Our day out on the Great Barrier Reef was also one to remember. Although due to my heat condition I couldn't dive, the colours were just as fantastic while snorkelling; I just couldn't get over the turtles that kept swimming by! From here we drove north to stay in Daintree, known for where the rainforest meets the reef. It was here that I had my first encounter with a leech - a not very pleasant one at that!

Deciding that we had had quite enough of creepy crawlies, we set off across Arnhem land to Darwin. By sheer chance we stumbled upon some work in Litchfield National Park with an aboriginal family, and little did we know that this would be our home for the next seven weeks! As well as making didgeridoos and arts and crafts, we fished in billabongs, cooked on the open fire, and swam and bathed in the creek (avoiding the crocs!) We even slept on paper bark under a mosquito net in the bush each night!

As all good things come to an end, we said our goodbyes and drove to Brisbane where we found work at a travel company. After only a month, we flew to New Zealand. Wow, wow, wow!!! By hiring a car we zoomed around each island and saw some amazing sights such as mud pools, geysers, the Maori people doing the Haka dance, and wildlife such as penguins, albatross, sealions and glow worms. I was so proud of myself when we successfully climbed a volcano in Tongariro National Park, walked through a waterfall in Abel Tasman national park, went sandboarding, and climbed a glacier! I even went skiing for the first time too!

It was only near the end of our stay in New Zealand that I some difficulties with my heart. I'd never had heart palpitations before so needless to say, I was worried. When we arrived back in Sydney, I visited the Cardiac department who saw me straight away. They gave me an ECHO, ECG, and heart monitor! I feel happy to say that it all seemed OK; they really did look after me very well.

With only a month left before coming home, we decided to visit Thailand. Bangkok was just outstanding and learning about Buddhism and a monk's way of life was just fascinating - as were the many Wats we visited. When we saw them living in shacks amongst the animals, it really was quite a shock. It was a different world but a wonderful insight at that.

For two weeks, we stayed on the Phi Phi islands living in fisherman huts on the beach. Each day I went sailing and snorkelling and ate fish fresh from the sea. Just as soon as this lifestyle seemed to take hold, we were reminded of the reality of home as our flight day grew nearer and nearer.
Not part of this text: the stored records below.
(* Let $\alpha>0$, $0<p<1$, $\beta_1,\beta_2,\beta_3>0$, let $V_1,V_2,V_3$ be independent with $V_i\sim EDW(\alpha,p,\beta_i)$, and let $X_1=\max\{V_1,V_3\}$, $X_2=\max\{V_2,V_3\}$. Then $X_1$ and $X_2$ are positive quadrant dependent, i.e. $P(X_1\le x_1,X_2\le x_2)\ge P(X_1\le x_1)P(X_2\le x_2)$ for all $x_1,x_2$.
   Context: The exponentiated discrete Weibull distribution $EDW(\alpha,p,\beta)$ ($\alpha,\beta>0$, $0<p<1$) is the distribution on $\mathbb{N}_0=\{0,1,2,\dots\}$ with cumulative distribution function $F_{EDW}(x;\alpha,p,\beta)=[1-p^{([x]+1)^{\alpha}}]^{\beta}$ for real $x\ge 0$, where $[x]$ is the largest integer $\le x$. *)

theory Defs
  imports "HOL-Probability.Probability"
begin

definition edw_cdf :: "real \<Rightarrow> real \<Rightarrow> real \<Rightarrow> real \<Rightarrow> real" where
  "edw_cdf \<alpha> p \<beta> x =
     (if x < 0 then 0
      else (1 - p powr ((real_of_int \<lfloor>x\<rfloor> + 1) powr \<alpha>)) powr \<beta>)"

definition has_edw_distribution ::
  "'a measure \<Rightarrow> ('a \<Rightarrow> nat) \<Rightarrow> real \<Rightarrow> real \<Rightarrow> real \<Rightarrow> bool" where
  "has_edw_distribution M V \<alpha> p \<beta> \<longleftrightarrow>
     V \<in> measurable M (count_space UNIV) \<and>
     (\<forall>x::real. measure M {\<omega> \<in> space M. real (V \<omega>) \<le> x} = edw_cdf \<alpha> p \<beta> x)"

end

theory Submission
  imports Defs
begin

text \<open>With \<open>A\<^sub>x = {n. n \<le> x}\<close>, both
  events \<open>X\<^sub>1 \<le> x\<^sub>1\<close> and \<open>X\<^sub>2 \<le> x\<^sub>2\<close> factor over the independent components, and they
  interact only through the shared \<open>V\<^sub>3\<close>. As the sets \<open>A\<^sub>x\<close> are nested,
  \<open>P(V\<^sub>3 \<in> A\<^sub>x\<^sub>1 \<inter> A\<^sub>x\<^sub>2)\<close> is the smaller of \<open>P(V\<^sub>3 \<in> A\<^sub>x\<^sub>1)\<close> and
  \<open>P(V\<^sub>3 \<in> A\<^sub>x\<^sub>2)\<close>, hence at least their product.\<close>

lemma (in prob_space) prob_mult_le_prob_Int_if_nested:
  assumes "A \<subseteq> B \<or> B \<subseteq> A"
  shows "prob A * prob B \<le> prob (A \<inter> B)"
proof -
  have "prob A * prob B \<le> prob A" "prob A * prob B \<le> prob B"
    by (simp_all add: mult_left_le mult_left_le_one_le)
  with assms show ?thesis
    by (auto simp: Int_absorb1 Int_absorb2)
qed

lemma (in prob_space) common_component_PQD:
  fixes X :: "'i \<Rightarrow> 'a \<Rightarrow> 'b"
  assumes indep: "indep_vars (\<lambda>_. count_space UNIV) X {i, j, k}"
    and distinct: "i \<noteq> j" "i \<noteq> k" "j \<noteq> k"
    and nested: "A \<subseteq> B \<or> B \<subseteq> A"
  shows "prob {\<omega> \<in> space M. X i \<omega> \<in> A \<and> X k \<omega> \<in> A}
           * prob {\<omega> \<in> space M. X j \<omega> \<in> B \<and> X k \<omega> \<in> B}
         \<le> prob {\<omega> \<in> space M. (X i \<omega> \<in> A \<and> X k \<omega> \<in> A) \<and> (X j \<omega> \<in> B \<and> X k \<omega> \<in> B)}"
proof -
  define P where "P l C = prob (X l -` C \<inter> space M)" for l C
  have factor: "prob (\<Inter>l\<in>J. X l -` C l \<inter> space M) = (\<Prod>l\<in>J. P l (C l))"
    if "J \<subseteq> {i, j, k}" "J \<noteq> {}" for J C
  proof -
    have "finite J"
      using that(1) by (rule finite_subset) simp
    with indep_varsD[OF indep that(2) _ that(1)] show ?thesis
      unfolding P_def by simp
  qed
  have left: "prob {\<omega> \<in> space M. X l \<omega> \<in> C \<and> X k \<omega> \<in> C} = P l C * P k C"
    if "l \<in> {i, j}" for l C
  proof -
    have "{\<omega> \<in> space M. X l \<omega> \<in> C \<and> X k \<omega> \<in> C} = (\<Inter>m\<in>{l, k}. X m -` C \<inter> space M)"
      by auto
    with factor[of "{l, k}" "\<lambda>_. C"] that distinct show ?thesis
      by auto
  qed
  define C where "C l = (if l = i then A else if l = j then B else A \<inter> B)" for l
  have "{\<omega> \<in> space M. (X i \<omega> \<in> A \<and> X k \<omega> \<in> A) \<and> (X j \<omega> \<in> B \<and> X k \<omega> \<in> B)}
      = (\<Inter>l\<in>{i, j, k}. X l -` C l \<inter> space M)"
    using distinct by (auto simp: C_def)
  then have joint: "prob {\<omega> \<in> space M. (X i \<omega> \<in> A \<and> X k \<omega> \<in> A) \<and> (X j \<omega> \<in> B \<and> X k \<omega> \<in> B)}
      = P i A * P j B * P k (A \<inter> B)"
    using factor[of "{i, j, k}" C] distinct by (simp add: C_def)
  have "X k -` A \<inter> space M \<subseteq> X k -` B \<inter> space M \<or> X k -` B \<inter> space M \<subseteq> X k -` A \<inter> space M"
    using nested by blast
  from prob_mult_le_prob_Int_if_nested[OF this]
  have "P k A * P k B \<le> P k (A \<inter> B)"
    unfolding P_def by (metis Int_assoc Int_left_commute Int_absorb vimage_Int)
  then have "P i A * P j B * (P k A * P k B) \<le> P i A * P j B * P k (A \<inter> B)"
    by (intro mult_left_mono) (auto simp: P_def)
  then show ?thesis
    using left[of i A] left[of j B] joint by (simp add: algebra_simps)
qed

theorem mainTheorem5:
  fixes M :: "'a measure" and V :: "nat \<Rightarrow> 'a \<Rightarrow> nat"
    and \<alpha> p :: real and \<beta> :: "nat \<Rightarrow> real"
  assumes "prob_space M"
    and "\<alpha> > 0" and "0 < p" and "p < 1"
    and "\<And>i. i \<in> {1,2,3} \<Longrightarrow> \<beta> i > 0"
    and "\<And>i. i \<in> {1,2,3} \<Longrightarrow> has_edw_distribution M (V i) \<alpha> p (\<beta> i)"
    and "prob_space.indep_vars M (\<lambda>_. count_space UNIV) V {1,2,3}"
  shows "\<forall>x1 x2 :: real.
     measure M {\<omega> \<in> space M. real (max (V 1 \<omega>) (V 3 \<omega>)) \<le> x1 \<and>
                               real (max (V 2 \<omega>) (V 3 \<omega>)) \<le> x2}
     \<ge> measure M {\<omega> \<in> space M. real (max (V 1 \<omega>) (V 3 \<omega>)) \<le> x1}
       * measure M {\<omega> \<in> space M. real (max (V 2 \<omega>) (V 3 \<omega>)) \<le> x2}"
proof (intro allI)
  fix x1 x2 :: real
  interpret prob_space M by fact
  define A where "A x = {n :: nat. real n \<le> x}" for x
  have "A x1 \<subseteq> A x2 \<or> A x2 \<subseteq> A x1"
    by (cases "x1 \<le> x2") (auto simp: A_def)
  from common_component_PQD[OF assms(7) _ _ _ this]
  show "measure M {\<omega> \<in> space M. real (max (V 1 \<omega>) (V 3 \<omega>)) \<le> x1 \<and>
                               real (max (V 2 \<omega>) (V 3 \<omega>)) \<le> x2}
     \<ge> measure M {\<omega> \<in> space M. real (max (V 1 \<omega>) (V 3 \<omega>)) \<le> x1}
       * measure M {\<omega> \<in> space M. real (max (V 2 \<omega>) (V 3 \<omega>)) \<le> x2}"
    by (simp add: A_def of_nat_max)
qed

end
The flight home was very exciting; I was finally going to see my friends and family again! And yes, it was a wonderful home coming! So it seems that after Jamie Boyes trekking in Nepal, Simon Mitchell's Out of Africa experience, and Magnus and Lorraine's great Sinai Bike Ride, I'm not the only one who wants an adventure

Upon reflection, I can't ever believe that I accomplished such an adventure. Just thinking about some of the places I've seen, and people I've met make me realise just how much I've achieved. I think that because so many people (both at home and travelling) supported me along the way, it too made me believe that I could do it, and I'm now back home safely to tell my stories. I recently got the all clear, for a while at least, so maybe all those palpitations were a reaction to the thought of coming home!

What more can I say? It was life changing - do it!